# Activity
The answer must consist solely of the line that contains "(\<forall>i\<in>I. \<forall>n. shuffle_pow" and all subsequent lines of the data, each reproduced exactly.

# Items from a data source
####################
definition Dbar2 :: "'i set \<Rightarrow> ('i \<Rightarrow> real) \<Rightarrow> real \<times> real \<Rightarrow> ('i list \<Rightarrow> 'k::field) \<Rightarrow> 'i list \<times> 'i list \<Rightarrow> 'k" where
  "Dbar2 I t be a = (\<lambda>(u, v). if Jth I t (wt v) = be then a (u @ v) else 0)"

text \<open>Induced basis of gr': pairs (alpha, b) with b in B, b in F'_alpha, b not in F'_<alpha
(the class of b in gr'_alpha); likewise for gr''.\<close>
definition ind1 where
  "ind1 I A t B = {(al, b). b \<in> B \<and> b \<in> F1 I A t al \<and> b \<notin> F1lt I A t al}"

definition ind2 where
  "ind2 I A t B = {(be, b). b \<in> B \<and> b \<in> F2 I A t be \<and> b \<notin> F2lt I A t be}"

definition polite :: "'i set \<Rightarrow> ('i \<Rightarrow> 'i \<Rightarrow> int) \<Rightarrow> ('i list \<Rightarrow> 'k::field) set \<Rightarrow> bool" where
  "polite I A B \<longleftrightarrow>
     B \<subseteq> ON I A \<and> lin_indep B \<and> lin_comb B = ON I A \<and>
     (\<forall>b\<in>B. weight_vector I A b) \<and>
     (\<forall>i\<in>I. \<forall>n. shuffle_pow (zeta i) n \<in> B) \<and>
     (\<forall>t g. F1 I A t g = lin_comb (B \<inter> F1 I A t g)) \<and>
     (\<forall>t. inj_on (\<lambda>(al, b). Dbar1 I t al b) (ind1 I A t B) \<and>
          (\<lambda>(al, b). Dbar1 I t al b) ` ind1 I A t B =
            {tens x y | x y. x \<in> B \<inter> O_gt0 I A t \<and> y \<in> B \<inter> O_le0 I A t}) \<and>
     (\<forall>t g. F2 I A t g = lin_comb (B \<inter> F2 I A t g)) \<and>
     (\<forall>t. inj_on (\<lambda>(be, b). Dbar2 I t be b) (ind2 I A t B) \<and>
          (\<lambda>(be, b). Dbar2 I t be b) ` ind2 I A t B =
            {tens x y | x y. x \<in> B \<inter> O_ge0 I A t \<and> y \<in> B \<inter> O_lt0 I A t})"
####################
# Solution to the exercise
     (\<forall>i\<in>I. \<forall>n. shuffle_pow (zeta i) n \<in> B) \<and>
     (\<forall>t g. F1 I A t g = lin_comb (B \<inter> F1 I A t g)) \<and>
     (\<forall>t. inj_on (\<lambda>(al, b). Dbar1 I t al b) (ind1 I A t B) \<and>
          (\<lambda>(al, b). Dbar1 I t al b) ` ind1 I A t B =
            {tens x y | x y. x \<in> B \<inter> O_gt0 I A t \<and> y \<in> B \<inter> O_le0 I A t}) \<and>
     (\<forall>t g. F2 I A t g = lin_comb (B \<inter> F2 I A t g)) \<and>
     (\<forall>t. inj_on (\<lambda>(be, b). Dbar2 I t be b) (ind2 I A t B) \<and>
          (\<lambda>(be, b). Dbar2 I t be b) ` ind2 I A t B =
            {tens x y | x y. x \<in> B \<inter> O_ge0 I A t \<and> y \<in> B \<inter> O_lt0 I A t})"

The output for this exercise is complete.